DIRECTIONS ->
What lines of the data below include the word "injI"? Report them by copying each.

INPUT FOR THIS TASK ->

lemma gasp_row_eq_beta: "gasp_row K L T a = (\<lambda>c. a + gasp_beta K L T c) ` {1..L+T}"
proof -
  have "{1..L+T} = {1..L} \<union> {L+1..L+T}" by auto
  then have "(\<lambda>c. a + gasp_beta K L T c) ` {1..L+T}
      = (\<lambda>b. a + b) ` (gasp_beta K L T ` {1..L} \<union> gasp_beta K L T ` {L+1..L+T})"
    by (simp add: image_Un image_image)
  then show ?thesis
    unfolding gasp_beta_image_data gasp_beta_image_secret gasp_row_def
    by (simp add: image_Un image_image add.assoc)
qed

lemma UN_gasp_row_lessThan:
  assumes "0 < K" "0 < T"
  shows "(\<Union>a<K. gasp_row K L T a) = {..<K*L+K+T-1}"
proof (intro equalityI subsetI)
  fix x assume "x \<in> (\<Union>a<K. gasp_row K L T a)"
  then obtain a where a: "a < K" and "x \<in> gasp_row K L T a" by blast
  then consider c where "c < L" "x = a + K*c" | m where "m < T" "x = a + K*L + m"
    unfolding mem_gasp_row by blast
  then show "x \<in> {..<K*L+K+T-1}"
  proof cases
    case 1
    then have "K*c + K \<le> K*L" by (metis Suc_leI mult_Suc_right mult_le_mono2 add.commute)
    then show ?thesis using 1 a assms by simp
  qed (use a in simp)
next
  fix x assume x: "x \<in> {..<K*L+K+T-1}"
  show "x \<in> (\<Union>a<K. gasp_row K L T a)"
  proof (cases "x < K*L")
    case True
    then have "x div K < L" using assms(1) by (simp add: div_less_iff_less_mult mult.commute)
    moreover have "x = x mod K + K*(x div K)" by simp
    ultimately have "x \<in> gasp_row K L T (x mod K)" unfolding mem_gasp_row by blast
    then show ?thesis using assms by auto
  next
    case False
    define a where "a = min (x - K*L) (K - 1)"
    have "x = a + K*L + (x - K*L - a)" "x - K*L - a < T"
      using False x assms unfolding a_def by auto
    then have "x \<in> gasp_row K L T a" unfolding mem_gasp_row by blast
    then show ?thesis using assms unfolding a_def by auto
  qed
qed

lemma gasp_P_eq_UN:
  "gasp_P K L T r i = (\<Union>k\<in>{1..K+i-1}. gasp_row K L T (gasp_alpha K L T r k))"
  unfolding gasp_P_def gasp_row_eq_beta by (auto simp: image_iff) (use atLeastAtMost_iff in blast)+

lemma atLeastAtMost_1_split:
  assumes "1 \<le> i"
  shows "{1..K+i-1} = Suc ` {..<K} \<union> (\<lambda>j. K + Suc j) ` {..<i-1}"
proof (intro equalityI subsetI)
  fix k assume "k \<in> {1..K+i-1}"
  then show "k \<in> Suc ` {..<K} \<union> (\<lambda>j. K + Suc j) ` {..<i-1}"
  proof (cases "k \<le> K")
    case True
    then have "k = Suc (k - 1)" "k - 1 < K" using \<open>k \<in> {1..K+i-1}\<close> by auto
    then show ?thesis by blast
  next
    case False
    then have "k = K + Suc (k - K - 1)" "k - K - 1 < i - 1" using \<open>k \<in> {1..K+i-1}\<close> by auto
    then show ?thesis by blast
  qed
qed (use assms in auto)

lemma gasp_P_eq:
  assumes "0 < K" "0 < T" "1 \<le> r" "r \<le> K" "1 \<le> i"
  shows "gasp_P K L T r i
    = {..<K*L+K+T-1} \<union> (\<Union>j<i-1. gasp_row K L T (gasp_secret K L r j))"
proof -
  have data: "(\<Union>a<K. gasp_row K L T (gasp_alpha K L T r (Suc a))) = {..<K*L+K+T-1}"
    unfolding UN_gasp_row_lessThan[OF assms(1,2), symmetric]
    by (rule SUP_cong) (simp_all add: gasp_alpha_def)
  have secret: "gasp_alpha K L T r (Suc (K + j)) = gasp_secret K L r j" for j
    using gasp_alpha_secret[OF assms(3,4), of "Suc j"] by simp
  show ?thesis
    unfolding gasp_P_eq_UN atLeastAtMost_1_split[OF assms(5)] UN_Un image_image
    by (simp add: data secret)
qed

lemma card_gasp_Lset:
  assumes "0 < K" "1 \<le> r" "r \<le> K" "1 \<le> i"
  shows "card (gasp_Lset K L T r i)
    = card {c\<in>{..<L}. gasp_secret K L r (i-1) + K*c \<in> gasp_P K L T r i}"
proof -
  have "inj (\<lambda>c. gasp_secret K L r (i-1) + K*c)" using assms(1) by (auto intro: injI)
  then show ?thesis
    unfolding gasp_Lset_def gasp_beta_image_data gasp_alpha_secret[OF assms(2-4)]
    by (simp add: image_image card_image_Int)
qed

lemma card_gasp_Rset:
  assumes "1 \<le> r" "r \<le> K" "1 \<le> i"
  shows "card (gasp_Rset K L T r i)
    = card {m\<in>{..<T}. gasp_secret K L r (i-1) + K*L + m \<in> gasp_P K L T r i}"
proof -
  have "inj (\<lambda>m. gasp_secret K L r (i-1) + K*L + m)" by (auto intro: injI)
  then show ?thesis
    unfolding gasp_Rset_def gasp_beta_image_secret gasp_alpha_secret[OF assms]
    by (simp add: image_image card_image_Int add.assoc)
qed
(* Let $F:X\to X$ be an interaction, let $S\in st_0(\Gamma_F)$, and let $\mathcal{X}_SF$ be the expansion of $F$ over $S$. If $\tilde\Lambda_{pq}$ are constants satisfying the Lipschitz condition for $\mathcal{X}_SF$ with $\rho(\tilde\Lambda)<1$, then $F$ has a globally attracting fixed point, i.e. there exists $\bar x\in X$ such that $F^k(y)\to\bar x$ as $k\to\infty$ for every $y\in X$.
   Context: Let $\mathcal{I}=\{1,\dots,n\}$, $(X_i,d)$ compact metric spaces, $X=\prod_iX_i$ with $d_{\max}(x,y)=\max_id(x_i,y_i)$. An interaction $F:X\to X$ is given by nonempty $\mathcal{I}_j\subseteq\mathcal{I}$ and continuous $F_j:\prod_{i\in\mathcal{I}_j}X_i\to X_j$ with $F(x)_j=F_j(\{x_i\}_{i\in\mathcal{I}_j})$, together with constants $\Lambda_{ij}\ge0$ ($\Lambda_{ij}=0$ if $i\notin\mathcal{I}_j$) with $d(F_j(\{x_i\}),F_j(\{y_i\}))\le\sum_{i\in\mathcal{I}_j}\Lambda_{ij}d(x_i,y_i)$. For a map $G$ on a finite product $\prod_pY_p$ of compact metric spaces whose $q$-th component is a continuous function of the coordinates in a set $\mathcal{J}_q$, constants $\tilde\Lambda_{pq}\ge0$ ($=0$ for $p\notin\mathcal{J}_q$) satisfy the Lipschitz condition if $d(G(u)_q,G(w)_q)\le\sum_{p}\tilde\Lambda_{pq}d(u_p,w_p)$ for all $u,w$. $\rho$ is spectral radius. The graph of interactions $\Gamma_F$ has vertices $v_1,\dots,v_n$ and an edge $v_i\to v_j$ of weight $\Lambda_{ij}$ when $i\in\mathcal{I}_j$. $st_0(\Gamma_F)$ is the set of nonempty $S\subseteq\{v_1,\dots,v_n\}$ such that the subgraph induced on the complement of $S$ has no directed cycles and no loops; $\mathcal{I}_S=\{j:v_j\in S\}$. A branch is a path of distinct vertices $u_1,\dots,u_m$, or a cycle ($u_1=u_m$, others distinct), with $u_1,u_m\in S$ and interior vertices $u_2,\dots,u_{m-1}\notin S$; $|\beta|=m$; $\mathcal{B}_S(\Gamma_F)$ denotes the set of branches. Expansion $\mathcal{X}_SF$: for each branch $\beta$ with $r=|\beta|-2\ge1$ introduce new coordinates $\eta(\beta,1),\dots,\eta(\beta,r)$ (distinct new indices), each with state space $X_{a_0}$, $v_{a_0}$ the initial vertex of $\beta$; $B_S$ is the product of these spaces and $X|_S=\prod_{j\in\mathcal{I}_S}X_j$. For $j\in\mathcal{I}_S$, start from $F_j(\{x_i\}_{i\in\mathcal{I}_j})$ and repeatedly replace each occurring variable $x_i$ with $i\notin\mathcal{I}_S$ by $F_i(\{x_k\}_{k\in\mathcal{I}_i})$ until only variables with indices in $\mathcal{I}_S$ remain; each occurrence of $x_{a_0}$ nested as $F_j(\dots F_{a_r}(\dots F_{a_1}(\dots x_{a_0}\dots)))$ corresponds to the branch $\beta=v_{a_0},v_{a_1},\dots,v_{a_r},v_j$ and is replaced by $x_{\eta(\beta,r)}$ if $r\ge1$ (unchanged if $r=0$); the result is $\tilde F_j$. Then $\mathcal{X}_SF:X|_S\times B_S\to X|_S\times B_S$ has components $(\mathcal{X}_SF)_j=\tilde F_j$ ($j\in\mathcal{I}_S$), $(\mathcal{X}_SF)_{\eta(\beta,1)}=x_{a_0}$, and $(\mathcal{X}_SF)_{\eta(\beta,\ell)}=x_{\eta(\beta,\ell-1)}$ for $2\le\ell\le|\beta|-2$. *)

theory Defs
  imports "HOL-Analysis.Analysis" "Jordan_Normal_Form.Spectral_Radius"
begin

THE ANSWER ->
  have "inj (\<lambda>c. gasp_secret K L r (i-1) + K*c)" using assms(1) by (auto intro: injI)
  have "inj (\<lambda>m. gasp_secret K L r (i-1) + K*L + m)" by (auto intro: injI)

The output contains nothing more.